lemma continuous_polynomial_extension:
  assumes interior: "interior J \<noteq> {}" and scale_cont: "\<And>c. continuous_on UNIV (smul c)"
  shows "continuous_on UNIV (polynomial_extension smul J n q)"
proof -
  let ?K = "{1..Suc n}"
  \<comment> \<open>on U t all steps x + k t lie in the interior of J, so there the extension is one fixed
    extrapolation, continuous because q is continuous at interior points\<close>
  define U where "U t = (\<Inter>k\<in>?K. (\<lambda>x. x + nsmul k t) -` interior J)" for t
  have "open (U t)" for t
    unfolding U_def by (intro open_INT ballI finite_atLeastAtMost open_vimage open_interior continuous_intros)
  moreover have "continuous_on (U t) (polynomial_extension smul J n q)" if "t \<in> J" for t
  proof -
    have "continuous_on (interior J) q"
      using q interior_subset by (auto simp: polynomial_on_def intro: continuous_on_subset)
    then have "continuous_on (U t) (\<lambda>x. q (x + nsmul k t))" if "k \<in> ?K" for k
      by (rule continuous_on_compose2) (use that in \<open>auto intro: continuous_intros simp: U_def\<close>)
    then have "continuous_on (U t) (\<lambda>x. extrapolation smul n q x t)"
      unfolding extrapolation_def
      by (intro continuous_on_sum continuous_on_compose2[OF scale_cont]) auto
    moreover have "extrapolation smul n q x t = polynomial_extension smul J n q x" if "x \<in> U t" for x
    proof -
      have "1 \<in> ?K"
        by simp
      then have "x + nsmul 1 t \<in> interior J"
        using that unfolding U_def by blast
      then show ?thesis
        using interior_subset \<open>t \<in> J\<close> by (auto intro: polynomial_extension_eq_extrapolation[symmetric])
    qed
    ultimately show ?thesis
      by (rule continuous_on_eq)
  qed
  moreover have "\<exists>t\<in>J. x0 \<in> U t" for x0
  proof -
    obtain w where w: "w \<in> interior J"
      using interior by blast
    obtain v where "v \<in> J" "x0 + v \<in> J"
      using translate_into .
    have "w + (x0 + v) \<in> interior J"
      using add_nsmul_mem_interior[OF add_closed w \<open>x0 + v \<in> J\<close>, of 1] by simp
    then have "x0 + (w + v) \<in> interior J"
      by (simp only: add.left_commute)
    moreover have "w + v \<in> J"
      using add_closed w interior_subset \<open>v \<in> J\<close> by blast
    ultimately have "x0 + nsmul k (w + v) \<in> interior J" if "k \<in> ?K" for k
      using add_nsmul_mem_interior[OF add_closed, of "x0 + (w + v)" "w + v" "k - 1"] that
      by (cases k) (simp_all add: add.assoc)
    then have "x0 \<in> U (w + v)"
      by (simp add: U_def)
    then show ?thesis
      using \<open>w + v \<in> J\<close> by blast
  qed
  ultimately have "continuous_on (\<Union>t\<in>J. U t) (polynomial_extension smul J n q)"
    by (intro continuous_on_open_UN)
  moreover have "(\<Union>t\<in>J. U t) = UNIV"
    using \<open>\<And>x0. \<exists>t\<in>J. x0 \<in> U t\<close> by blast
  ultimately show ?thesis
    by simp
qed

# # #

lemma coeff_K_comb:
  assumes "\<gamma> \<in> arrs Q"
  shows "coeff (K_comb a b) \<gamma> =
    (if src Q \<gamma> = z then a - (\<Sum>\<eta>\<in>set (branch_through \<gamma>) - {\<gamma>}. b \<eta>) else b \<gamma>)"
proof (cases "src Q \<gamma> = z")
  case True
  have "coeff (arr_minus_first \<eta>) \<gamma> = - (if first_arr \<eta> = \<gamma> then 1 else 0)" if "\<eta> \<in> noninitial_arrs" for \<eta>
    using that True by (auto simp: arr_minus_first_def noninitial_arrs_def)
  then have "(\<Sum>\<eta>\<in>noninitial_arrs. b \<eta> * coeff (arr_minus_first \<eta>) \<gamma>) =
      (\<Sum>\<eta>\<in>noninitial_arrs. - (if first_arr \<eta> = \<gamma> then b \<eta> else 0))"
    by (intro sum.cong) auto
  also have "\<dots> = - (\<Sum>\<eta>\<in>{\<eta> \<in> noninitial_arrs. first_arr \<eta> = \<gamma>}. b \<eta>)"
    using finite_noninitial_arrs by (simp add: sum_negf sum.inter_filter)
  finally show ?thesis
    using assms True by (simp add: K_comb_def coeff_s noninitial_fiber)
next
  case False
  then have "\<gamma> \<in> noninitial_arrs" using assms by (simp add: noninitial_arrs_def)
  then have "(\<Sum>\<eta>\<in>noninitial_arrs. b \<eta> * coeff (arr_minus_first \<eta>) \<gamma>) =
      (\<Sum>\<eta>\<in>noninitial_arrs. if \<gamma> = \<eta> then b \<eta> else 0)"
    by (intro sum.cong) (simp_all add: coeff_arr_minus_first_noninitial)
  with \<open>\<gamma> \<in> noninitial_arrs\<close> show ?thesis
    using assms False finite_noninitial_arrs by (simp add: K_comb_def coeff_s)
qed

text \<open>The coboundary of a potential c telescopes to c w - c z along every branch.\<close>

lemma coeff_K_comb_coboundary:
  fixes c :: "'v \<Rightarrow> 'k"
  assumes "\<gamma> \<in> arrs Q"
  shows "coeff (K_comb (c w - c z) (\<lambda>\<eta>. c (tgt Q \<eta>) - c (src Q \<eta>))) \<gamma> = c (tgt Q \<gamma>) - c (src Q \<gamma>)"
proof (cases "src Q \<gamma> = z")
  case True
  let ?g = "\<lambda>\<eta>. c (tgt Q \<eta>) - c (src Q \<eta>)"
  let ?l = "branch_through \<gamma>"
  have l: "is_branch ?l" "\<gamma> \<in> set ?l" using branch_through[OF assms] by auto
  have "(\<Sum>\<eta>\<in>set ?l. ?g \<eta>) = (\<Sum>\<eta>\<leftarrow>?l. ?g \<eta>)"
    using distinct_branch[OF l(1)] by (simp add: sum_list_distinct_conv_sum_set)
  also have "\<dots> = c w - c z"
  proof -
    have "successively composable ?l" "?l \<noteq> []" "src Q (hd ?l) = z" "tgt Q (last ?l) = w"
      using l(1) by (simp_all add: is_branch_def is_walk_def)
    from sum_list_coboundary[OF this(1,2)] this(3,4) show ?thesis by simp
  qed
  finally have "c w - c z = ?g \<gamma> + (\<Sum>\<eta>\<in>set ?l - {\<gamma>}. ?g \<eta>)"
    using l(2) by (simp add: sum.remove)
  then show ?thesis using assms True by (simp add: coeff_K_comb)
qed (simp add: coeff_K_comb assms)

# # #

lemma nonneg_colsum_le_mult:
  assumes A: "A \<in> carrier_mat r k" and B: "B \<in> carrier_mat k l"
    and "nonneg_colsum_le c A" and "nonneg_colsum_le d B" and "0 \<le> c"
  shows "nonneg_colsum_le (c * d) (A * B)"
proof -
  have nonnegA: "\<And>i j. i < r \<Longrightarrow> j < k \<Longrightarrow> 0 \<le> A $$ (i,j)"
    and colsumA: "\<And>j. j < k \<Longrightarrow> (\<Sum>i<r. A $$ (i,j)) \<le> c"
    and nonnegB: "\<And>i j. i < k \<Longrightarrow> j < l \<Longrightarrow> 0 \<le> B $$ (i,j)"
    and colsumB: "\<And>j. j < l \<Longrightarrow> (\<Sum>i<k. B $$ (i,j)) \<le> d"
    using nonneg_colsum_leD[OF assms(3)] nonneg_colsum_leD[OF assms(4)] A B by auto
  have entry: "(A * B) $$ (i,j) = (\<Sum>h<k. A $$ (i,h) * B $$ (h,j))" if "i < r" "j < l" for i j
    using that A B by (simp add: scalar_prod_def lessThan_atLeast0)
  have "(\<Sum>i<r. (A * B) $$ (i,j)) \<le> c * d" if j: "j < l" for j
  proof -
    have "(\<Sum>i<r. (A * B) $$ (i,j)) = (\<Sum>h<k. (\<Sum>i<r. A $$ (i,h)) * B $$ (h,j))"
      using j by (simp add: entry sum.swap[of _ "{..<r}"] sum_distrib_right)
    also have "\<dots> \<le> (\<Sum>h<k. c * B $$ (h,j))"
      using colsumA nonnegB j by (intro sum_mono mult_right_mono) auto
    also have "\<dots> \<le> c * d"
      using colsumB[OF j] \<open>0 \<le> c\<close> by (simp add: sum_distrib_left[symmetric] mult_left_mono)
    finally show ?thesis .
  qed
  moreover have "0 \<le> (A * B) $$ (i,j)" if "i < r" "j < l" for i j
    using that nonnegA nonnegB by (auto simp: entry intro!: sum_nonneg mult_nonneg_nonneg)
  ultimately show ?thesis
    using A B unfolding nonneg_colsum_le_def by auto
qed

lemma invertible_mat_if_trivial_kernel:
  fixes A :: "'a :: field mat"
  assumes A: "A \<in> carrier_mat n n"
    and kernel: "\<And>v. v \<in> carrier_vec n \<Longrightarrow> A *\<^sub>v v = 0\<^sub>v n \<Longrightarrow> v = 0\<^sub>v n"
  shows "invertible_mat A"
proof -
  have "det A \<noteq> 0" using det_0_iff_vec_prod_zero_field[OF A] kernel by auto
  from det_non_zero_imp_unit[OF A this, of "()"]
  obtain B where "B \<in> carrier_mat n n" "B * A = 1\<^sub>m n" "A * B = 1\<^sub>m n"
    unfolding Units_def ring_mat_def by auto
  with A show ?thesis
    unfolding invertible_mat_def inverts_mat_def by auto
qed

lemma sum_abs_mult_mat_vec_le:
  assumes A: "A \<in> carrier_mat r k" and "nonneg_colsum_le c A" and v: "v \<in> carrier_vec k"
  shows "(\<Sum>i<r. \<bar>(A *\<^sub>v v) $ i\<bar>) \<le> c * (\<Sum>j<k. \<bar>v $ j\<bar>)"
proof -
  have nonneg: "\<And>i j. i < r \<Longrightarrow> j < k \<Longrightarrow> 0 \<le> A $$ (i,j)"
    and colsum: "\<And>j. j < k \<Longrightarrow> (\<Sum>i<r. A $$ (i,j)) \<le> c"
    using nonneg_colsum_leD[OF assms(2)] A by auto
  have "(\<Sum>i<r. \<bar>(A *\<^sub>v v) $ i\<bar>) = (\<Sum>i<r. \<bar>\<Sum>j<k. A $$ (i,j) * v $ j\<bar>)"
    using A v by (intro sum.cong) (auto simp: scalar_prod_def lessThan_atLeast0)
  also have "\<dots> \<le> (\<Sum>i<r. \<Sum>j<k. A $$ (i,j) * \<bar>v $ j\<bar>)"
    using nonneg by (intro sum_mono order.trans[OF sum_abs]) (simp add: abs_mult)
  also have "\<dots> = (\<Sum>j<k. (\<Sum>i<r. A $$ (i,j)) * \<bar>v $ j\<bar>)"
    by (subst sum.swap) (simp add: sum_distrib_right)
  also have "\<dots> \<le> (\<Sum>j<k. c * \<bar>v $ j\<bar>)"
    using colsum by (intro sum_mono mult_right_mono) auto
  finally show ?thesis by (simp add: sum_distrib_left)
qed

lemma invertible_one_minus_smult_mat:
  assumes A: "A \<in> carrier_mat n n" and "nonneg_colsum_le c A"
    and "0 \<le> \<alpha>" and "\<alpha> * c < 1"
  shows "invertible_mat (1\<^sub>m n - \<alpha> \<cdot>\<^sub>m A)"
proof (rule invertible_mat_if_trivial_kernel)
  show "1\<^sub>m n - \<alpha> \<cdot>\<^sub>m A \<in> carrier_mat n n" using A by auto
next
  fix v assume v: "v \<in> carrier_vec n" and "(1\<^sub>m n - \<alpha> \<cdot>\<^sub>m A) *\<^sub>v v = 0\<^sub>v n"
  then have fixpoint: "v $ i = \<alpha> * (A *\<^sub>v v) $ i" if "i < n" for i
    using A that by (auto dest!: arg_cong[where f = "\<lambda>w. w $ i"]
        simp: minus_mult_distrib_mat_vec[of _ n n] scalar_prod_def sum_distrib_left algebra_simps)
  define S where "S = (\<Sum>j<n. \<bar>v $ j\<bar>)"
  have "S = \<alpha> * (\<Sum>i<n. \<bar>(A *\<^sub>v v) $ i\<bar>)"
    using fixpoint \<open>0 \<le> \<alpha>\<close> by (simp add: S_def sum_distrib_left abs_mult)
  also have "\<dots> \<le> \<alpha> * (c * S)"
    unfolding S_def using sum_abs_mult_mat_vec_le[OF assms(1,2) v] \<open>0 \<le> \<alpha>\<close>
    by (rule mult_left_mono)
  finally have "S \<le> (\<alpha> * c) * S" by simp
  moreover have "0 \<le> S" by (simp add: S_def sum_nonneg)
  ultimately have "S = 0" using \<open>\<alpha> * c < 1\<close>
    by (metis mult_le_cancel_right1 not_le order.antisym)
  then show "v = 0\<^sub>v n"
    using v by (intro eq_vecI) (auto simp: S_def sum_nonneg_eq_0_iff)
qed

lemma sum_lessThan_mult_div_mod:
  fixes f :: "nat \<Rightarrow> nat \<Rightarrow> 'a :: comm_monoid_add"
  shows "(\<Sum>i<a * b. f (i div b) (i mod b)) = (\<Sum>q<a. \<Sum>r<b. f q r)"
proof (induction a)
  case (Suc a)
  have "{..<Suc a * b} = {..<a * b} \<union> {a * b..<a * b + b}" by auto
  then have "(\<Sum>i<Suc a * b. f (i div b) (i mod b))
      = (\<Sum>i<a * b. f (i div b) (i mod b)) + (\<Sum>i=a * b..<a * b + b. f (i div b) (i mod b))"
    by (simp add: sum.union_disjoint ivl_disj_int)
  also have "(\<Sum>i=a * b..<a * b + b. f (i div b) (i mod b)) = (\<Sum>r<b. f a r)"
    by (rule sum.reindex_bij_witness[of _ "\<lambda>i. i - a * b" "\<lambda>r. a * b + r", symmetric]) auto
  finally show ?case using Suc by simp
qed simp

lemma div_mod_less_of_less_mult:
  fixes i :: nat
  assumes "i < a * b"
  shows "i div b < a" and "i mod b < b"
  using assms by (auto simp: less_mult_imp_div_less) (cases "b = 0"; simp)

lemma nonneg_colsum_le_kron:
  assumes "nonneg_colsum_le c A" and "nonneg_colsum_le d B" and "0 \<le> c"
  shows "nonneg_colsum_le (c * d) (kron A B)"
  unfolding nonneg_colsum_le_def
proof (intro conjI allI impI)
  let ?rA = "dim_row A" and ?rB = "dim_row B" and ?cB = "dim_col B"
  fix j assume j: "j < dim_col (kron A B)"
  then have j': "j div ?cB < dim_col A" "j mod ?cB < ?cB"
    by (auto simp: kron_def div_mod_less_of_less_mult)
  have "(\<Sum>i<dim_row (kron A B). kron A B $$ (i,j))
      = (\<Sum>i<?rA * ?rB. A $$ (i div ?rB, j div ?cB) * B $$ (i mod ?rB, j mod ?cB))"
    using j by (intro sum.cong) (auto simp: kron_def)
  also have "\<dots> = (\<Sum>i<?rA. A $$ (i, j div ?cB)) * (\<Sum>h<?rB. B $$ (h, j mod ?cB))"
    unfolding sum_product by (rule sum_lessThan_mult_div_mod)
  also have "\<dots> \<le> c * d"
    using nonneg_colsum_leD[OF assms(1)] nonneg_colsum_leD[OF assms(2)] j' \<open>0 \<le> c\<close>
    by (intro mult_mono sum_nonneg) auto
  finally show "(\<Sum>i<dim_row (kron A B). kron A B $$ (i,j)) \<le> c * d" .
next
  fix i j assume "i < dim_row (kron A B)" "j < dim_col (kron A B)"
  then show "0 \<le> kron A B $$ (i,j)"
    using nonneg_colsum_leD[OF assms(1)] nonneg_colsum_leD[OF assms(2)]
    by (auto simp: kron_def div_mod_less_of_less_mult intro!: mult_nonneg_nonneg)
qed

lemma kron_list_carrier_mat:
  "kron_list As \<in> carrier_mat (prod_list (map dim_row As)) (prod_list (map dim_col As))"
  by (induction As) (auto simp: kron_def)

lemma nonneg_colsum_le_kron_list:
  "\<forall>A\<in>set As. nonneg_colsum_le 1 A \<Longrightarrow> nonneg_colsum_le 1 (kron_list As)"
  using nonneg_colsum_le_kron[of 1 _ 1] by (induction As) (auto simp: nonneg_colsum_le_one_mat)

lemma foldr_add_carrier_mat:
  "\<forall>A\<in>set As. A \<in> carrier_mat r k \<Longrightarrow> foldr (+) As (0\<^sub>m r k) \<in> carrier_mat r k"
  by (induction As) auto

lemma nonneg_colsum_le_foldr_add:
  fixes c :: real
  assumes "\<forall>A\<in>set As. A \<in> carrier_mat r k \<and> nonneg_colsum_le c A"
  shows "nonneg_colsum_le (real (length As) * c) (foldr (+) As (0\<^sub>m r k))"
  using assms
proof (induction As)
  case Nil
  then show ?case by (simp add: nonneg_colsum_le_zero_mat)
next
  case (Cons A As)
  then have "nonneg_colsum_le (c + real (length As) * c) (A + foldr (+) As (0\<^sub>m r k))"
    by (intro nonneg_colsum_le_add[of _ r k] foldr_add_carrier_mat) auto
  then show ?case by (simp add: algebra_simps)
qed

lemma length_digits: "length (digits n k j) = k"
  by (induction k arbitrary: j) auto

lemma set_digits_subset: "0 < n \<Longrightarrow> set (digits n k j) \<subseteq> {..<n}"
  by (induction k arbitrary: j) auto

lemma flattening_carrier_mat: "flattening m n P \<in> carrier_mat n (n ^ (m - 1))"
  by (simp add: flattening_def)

# # #

Among the records, find all lines that include the string "ultimately" and return them.

> SOLUTION TO THIS EXERCISE
    ultimately show ?thesis
    ultimately have "x0 + nsmul k (w + v) \<in> interior J" if "k \<in> ?K" for k
  ultimately have "continuous_on (\<Union>t\<in>J. U t) (polynomial_extension smul J n q)"
  ultimately show ?thesis
  ultimately show ?thesis
  ultimately have "S = 0" using \<open>\<alpha> * c < 1\<close>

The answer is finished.